But what about the women?
It turns out, there may not have been very many women. As in, almost none.
Gizmodo editor-in-chief Annalee Newitz analyzed the data from the site's user database and found a lot of suspicious stuff suggesting that nearly all the female accounts were fake, maintained by the company's employees.
First, the official numbers. The info that the hackers published contained about 31 million accounts apparently belonging to men, and about 5 million apparently belonging to women.
But when Newitz dug deeper, she found a bunch of test accounts that ended with ashleymadison.com, suggesting that they were created internally (90% of them were for women), as well as 350 female accounts for people with the same and very unusual last name.
Then she found three really damning pieces of data:
Only 1,492 of the women in the database had ever opened their inbox to check their messages on the site. That's compared with more than 20 million men.
Only 2,409 of the women had ever used the site's chat function, versus more than 11 million men.

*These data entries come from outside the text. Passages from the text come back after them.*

(* Let $(\mathcal{X},\rho)$ be a separable metric space with Borel $\sigma$-algebra $\mathcal{B}$, and let $\mathbb{X}$ be a process satisfying condition $\mathrm{FMV}$. Then for any $\delta,\varepsilon>0$ and $m_0\in\mathbb{N}$ there exist $M\in\mathbb{N}$ with $M\ge m_0$ and sets $G_1,\dots,G_M\in\mathcal{B}$ that are pairwise disjoint, each satisfying $\sup_{x,x'\in G_i}\rho(x,x')\le\delta$, and such that $\mathbb{P}\big(\exists t:\ X_t\in\mathcal{X}\setminus\bigcup_{i=1}^M G_i\big)<\varepsilon$.
   Context: $\mathrm{FMV}$: the set of processes $\mathbb{X}=(X_t)_{t\ge1}$ in $\mathcal{X}$ such that for every countable partition $\{A_k\}_{k\ge1}$ of $\mathcal{X}$ into sets of $\mathcal{B}$, almost surely $\#\{k:\exists t,\ X_t\in A_k\}<\infty$. *)

theory Defs
  imports "HOL-Probability.Probability"
begin

definition separable_space :: "'a::metric_space itself \<Rightarrow> bool" where
  "separable_space _ \<longleftrightarrow> (\<exists>D::'a set. countable D \<and> closure D = UNIV)"

definition FMV :: "'w measure \<Rightarrow> (nat \<Rightarrow> 'w \<Rightarrow> 'a::metric_space) \<Rightarrow> bool" where
  "FMV P X \<longleftrightarrow>
     (\<forall>A::nat \<Rightarrow> 'a set.
        (\<forall>k\<ge>1. A k \<in> sets borel) \<and> disjoint_family_on A {1..} \<and> (\<Union>k\<in>{1..}. A k) = UNIV
        \<longrightarrow> (AE \<omega> in P. finite {k. k \<ge> 1 \<and> (\<exists>t\<ge>1. X t \<omega> \<in> A k)}))"

end

theory Submission
  imports Defs
begin

text \<open>Cover the space by countably many balls of radius \<open>\<delta>/2\<close> centred at a dense sequence and
  disjointify them; this gives a Borel partition \<open>A\<^sub>1, A\<^sub>2, \<dots>\<close> into sets of diameter at most \<open>\<delta>\<close>.
  By FMV, almost every trajectory meets only finitely many \<open>A\<^sub>k\<close>, so the events "some \<open>X\<^sub>t\<close> lies
  outside \<open>A\<^sub>1 \<union> \<dots> \<union> A\<^sub>N\<close>" decrease to a null set, and their probabilities tend to \<open>0\<close>.\<close>

lemma separable_space_ball_cover:
  assumes "separable_space TYPE('a::metric_space)" and "r > 0"
  obtains c :: "nat \<Rightarrow> 'a::metric_space" where "(\<Union>n. ball (c n) r) = UNIV"
proof -
  obtain D :: "'a set" where D: "countable D" "closure D = UNIV"
    using assms(1) unfolding separable_space_def by blast
  have "x \<in> (\<Union>n. ball (from_nat_into D n) r)" for x
  proof -
    have "x \<in> closure D"
      using D(2) by simp
    then obtain y where "y \<in> D" "dist y x < r"
      using \<open>r > 0\<close> unfolding closure_approachable by blast
    then show ?thesis
      using from_nat_into_surj[OF D(1)] by (fastforce simp: dist_commute)
  qed
  then show thesis
    by (intro that[of "from_nat_into D"]) blast
qed

lemma separable_space_small_Borel_partition:
  assumes "separable_space TYPE('a::metric_space)" and "\<delta> > 0"
  obtains G :: "nat \<Rightarrow> 'a::metric_space set"
  where "\<And>k. G k \<in> sets borel" and "disjoint_family_on G {1..}"
    and "(\<Union>k\<in>{1..}. G k) = UNIV"
    and "\<And>k x x'. x \<in> G k \<Longrightarrow> x' \<in> G k \<Longrightarrow> dist x x' \<le> \<delta>"
proof -
  obtain c :: "nat \<Rightarrow> 'a" where balls_cover: "(\<Union>n. ball (c n) (\<delta> / 2)) = UNIV"
    using separable_space_ball_cover[OF assms(1)] \<open>\<delta> > 0\<close> by (metis half_gt_zero)
  define B where "B n = ball (c n) (\<delta> / 2)" for n
  \<comment> \<open>shifted by one, since FMV indexes partitions from \<open>1\<close>\<close>
  define G where "G k = disjointed B (k - 1)" for k
  have "range B \<subseteq> sets borel"
    unfolding B_def by auto
  then have G_borel: "G k \<in> sets borel" for k
    unfolding G_def using sets.range_disjointed_sets by blast
  have G_disjoint: "disjoint_family_on G {1..}"
    unfolding disjoint_family_on_def
  proof (intro ballI impI)
    fix m n :: nat assume "m \<in> {1..}" "n \<in> {1..}" "m \<noteq> n"
    then have "m - 1 \<noteq> n - 1"
      by auto
    then show "G m \<inter> G n = {}"
      using disjoint_family_disjointed[of B] unfolding G_def disjoint_family_on_def by blast
  qed
  have "(\<Union>k\<in>{1..}. G k) = (\<Union>n. disjointed B n)"
    unfolding G_def by (force intro: image_eqI[of _ _ "Suc _"])
  then have G_cover: "(\<Union>k\<in>{1..}. G k) = UNIV"
    using balls_cover by (simp add: UN_disjointed_eq B_def)
  have G_diameter: "dist x x' \<le> \<delta>" if "x \<in> G k" "x' \<in> G k" for k x x'
  proof -
    have "dist x (c (k - 1)) < \<delta> / 2" "dist x' (c (k - 1)) < \<delta> / 2"
      using that disjointed_subset[of B "k - 1"] by (auto simp: G_def B_def dist_commute)
    then show ?thesis
      using dist_triangle_half_l by fastforce
  qed
  show thesis
    by (rule that[OF G_borel G_disjoint G_cover G_diameter])
qed

lemma (in prob_space) FMV_escape_probability_tendsto_0:
  fixes X :: "nat \<Rightarrow> 'a \<Rightarrow> 'b::metric_space" and A :: "nat \<Rightarrow> 'b set"
  assumes X: "\<And>t. t \<ge> 1 \<Longrightarrow> X t \<in> borel_measurable M"
    and "FMV M X"
    and A: "\<And>k. k \<ge> 1 \<Longrightarrow> A k \<in> sets borel"
    and "disjoint_family_on A {1..}" and cover: "(\<Union>k\<in>{1..}. A k) = UNIV"
  shows "(\<lambda>N. prob {\<omega> \<in> space M. \<exists>t\<ge>1. X t \<omega> \<notin> (\<Union>i\<in>{1..N}. A i)}) \<longlonglongrightarrow> 0"
proof -
  define escape where "escape N = {\<omega> \<in> space M. \<exists>t\<ge>1. X t \<omega> \<notin> (\<Union>i\<in>{1..N}. A i)}" for N
  have escape_events: "escape N \<in> events" for N
  proof -
    have "escape N = (\<Union>t\<in>{1..}. X t -` (- (\<Union>i\<in>{1..N}. A i)) \<inter> space M)"
      unfolding escape_def by auto
    moreover have "- (\<Union>i\<in>{1..N}. A i) \<in> sets borel"
      using A by (intro borel_comp sets.finite_UN) auto
    ultimately show ?thesis
      using X by (auto intro!: sets.countable_UN' measurable_sets)
  qed
  have "AE \<omega> in M. finite {k. k \<ge> 1 \<and> (\<exists>t\<ge>1. X t \<omega> \<in> A k)}"
    using \<open>FMV M X\<close> A \<open>disjoint_family_on A {1..}\<close> cover unfolding FMV_def by blast
  then obtain null where null: "null \<in> null_sets M"
    and infinite_in_null: "{\<omega> \<in> space M. infinite {k. k \<ge> 1 \<and> (\<exists>t\<ge>1. X t \<omega> \<in> A k)}} \<subseteq> null"
    by (auto elim!: AE_E)
  have "(\<Inter>N. escape N) \<subseteq> null"
  proof
    fix \<omega> assume \<omega>: "\<omega> \<in> (\<Inter>N. escape N)"
    have "\<exists>k>N. k \<ge> 1 \<and> (\<exists>t\<ge>1. X t \<omega> \<in> A k)" for N
    proof -
      obtain t where "t \<ge> 1" "X t \<omega> \<notin> (\<Union>i\<in>{1..N}. A i)"
        using \<omega> unfolding escape_def by blast
      moreover obtain k where "k \<ge> 1" "X t \<omega> \<in> A k"
        using cover by blast
      ultimately show ?thesis
        by (intro exI[of _ k]) (auto simp: not_less[symmetric])
    qed
    then have "infinite {k. k \<ge> 1 \<and> (\<exists>t\<ge>1. X t \<omega> \<in> A k)}"
      unfolding infinite_nat_iff_unbounded by blast
    with \<omega> infinite_in_null show "\<omega> \<in> null"
      unfolding escape_def by blast
  qed
  moreover have "(\<Inter>N. escape N) \<in> events"
    using escape_events by (intro sets.countable_INT) auto
  ultimately have "(\<Inter>N. escape N) \<in> null_sets M"
    by (rule null_sets_subset[OF null, rotated])
  then have "prob (\<Inter>N. escape N) = 0"
    by (rule measure_eq_0_null_sets)
  moreover have "decseq escape"
    unfolding decseq_def
  proof (intro allI impI)
    fix m n :: nat assume "m \<le> n"
    then have "(\<Union>i\<in>{1..m}. A i) \<subseteq> (\<Union>i\<in>{1..n}. A i)"
      by (intro UN_mono) auto
    then show "escape n \<subseteq> escape m"
      unfolding escape_def by blast
  qed
  then have "(\<lambda>N. prob (escape N)) \<longlonglongrightarrow> prob (\<Inter>N. escape N)"
    using escape_events by (intro finite_Lim_measure_decseq) blast
  ultimately show ?thesis
    unfolding escape_def by simp
qed

theorem lemma9:
  fixes P :: "'w measure" and X :: "nat \<Rightarrow> 'w \<Rightarrow> 'a::metric_space"
    and \<delta> \<epsilon> :: real and m0 :: nat
  assumes "separable_space TYPE('a)"
    and "prob_space P"
    and "\<And>t. t \<ge> 1 \<Longrightarrow> X t \<in> borel_measurable P"
    and "FMV P X"
    and "\<delta> > 0" and "\<epsilon> > 0"
  shows "\<exists>M::nat. M \<ge> m0 \<and> (\<exists>G::nat \<Rightarrow> 'a set.
           (\<forall>i\<in>{1..M}. G i \<in> sets borel) \<and>
           disjoint_family_on G {1..M} \<and>
           (\<forall>i\<in>{1..M}. \<forall>x\<in>G i. \<forall>x'\<in>G i. dist x x' \<le> \<delta>) \<and>
           measure P {\<omega> \<in> space P. \<exists>t\<ge>1. X t \<omega> \<in> UNIV - (\<Union>i\<in>{1..M}. G i)} < \<epsilon>)"
proof -
  interpret prob_space P by fact
  obtain G :: "nat \<Rightarrow> 'a set" where G_borel: "\<And>k. G k \<in> sets borel" and G_disjoint: "disjoint_family_on G {1..}"
    and G_cover: "(\<Union>k\<in>{1..}. G k) = UNIV"
    and G_diameter: "\<And>k x x'. x \<in> G k \<Longrightarrow> x' \<in> G k \<Longrightarrow> dist x x' \<le> \<delta>"
    using separable_space_small_Borel_partition[OF assms(1,5)] by blast
  obtain N where N: "\<And>n. n \<ge> N \<Longrightarrow>
      prob {\<omega> \<in> space P. \<exists>t\<ge>1. X t \<omega> \<notin> (\<Union>i\<in>{1..n}. G i)} < \<epsilon>"
    using order_tendstoD(2)[OF FMV_escape_probability_tendsto_0[OF assms(3,4) G_borel
          G_disjoint G_cover] \<open>\<epsilon> > 0\<close>]
    unfolding eventually_sequentially by blast
  show ?thesis
    using N[of "max N m0"] G_borel G_diameter disjoint_family_on_mono[OF _ G_disjoint]
    by (intro exI[of _ "max N m0"] conjI exI[of _ G]) auto
qed

end
lemma vanishes_candidate_even:
  assumes "M \<le> 2 * K + 2" "r \<ge> 1"
  shows "vanishes_at_one M (\<lambda>z. poly (binom_trunc K (real r)) (delta_sym z) * BN (2 * r) z - 2)"
proof -
  define P where "P = [:1, -1:] ^ r * binom_trunc K (real r) - 1"
  have "monom 1 (Suc K) dvd P"
    using binom_trunc_inverse[of r K] by (simp add: P_def cong_iff_dvd_diff)
  then have "vanishes_at_one M (\<lambda>z. poly P (delta_sym z))"
    by (rule vanishes_poly_delta_sym[OF _ assms(1)])
  then have van: "vanishes_at_one M (\<lambda>z. 2 * poly P (delta_sym z))"
    by (rule vanishes_at_one_mult[where S="{0<..}"])
       (auto intro: smooth_on_const smooth_on_poly_comp smooth_on_delta_sym)
  have eq: "2 * poly P (delta_sym z) = poly (binom_trunc K (real r)) (delta_sym z) * BN (2 * r) z - 2"
    if "z \<in> {0<..}" for z
    using that BN_even[of z r] sigma_sym_eq[of z] assms(2) by (simp add: P_def algebra_simps)
  show ?thesis
    by (rule vanishes_at_one_cong[OF van open_greaterThan[of 0]]) (simp_all add: eq)
qed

Only 9,700 of the women had ever responded to a message from another person on the site, versus almost 6 million men. (This number was greater than the number of women who checked messages because it's possible to answer messages in bulk when you first visit the site, without ever opening your inbox.)
It's possible that most of the women signed up but never did anything.
Either way, Newitz writes, Ashley Madison is a site where tens of millions of men write mail, chat, and spend money for women who aren't there."
The site's parent company, Avid Life Media, did not immediately return a request for comment.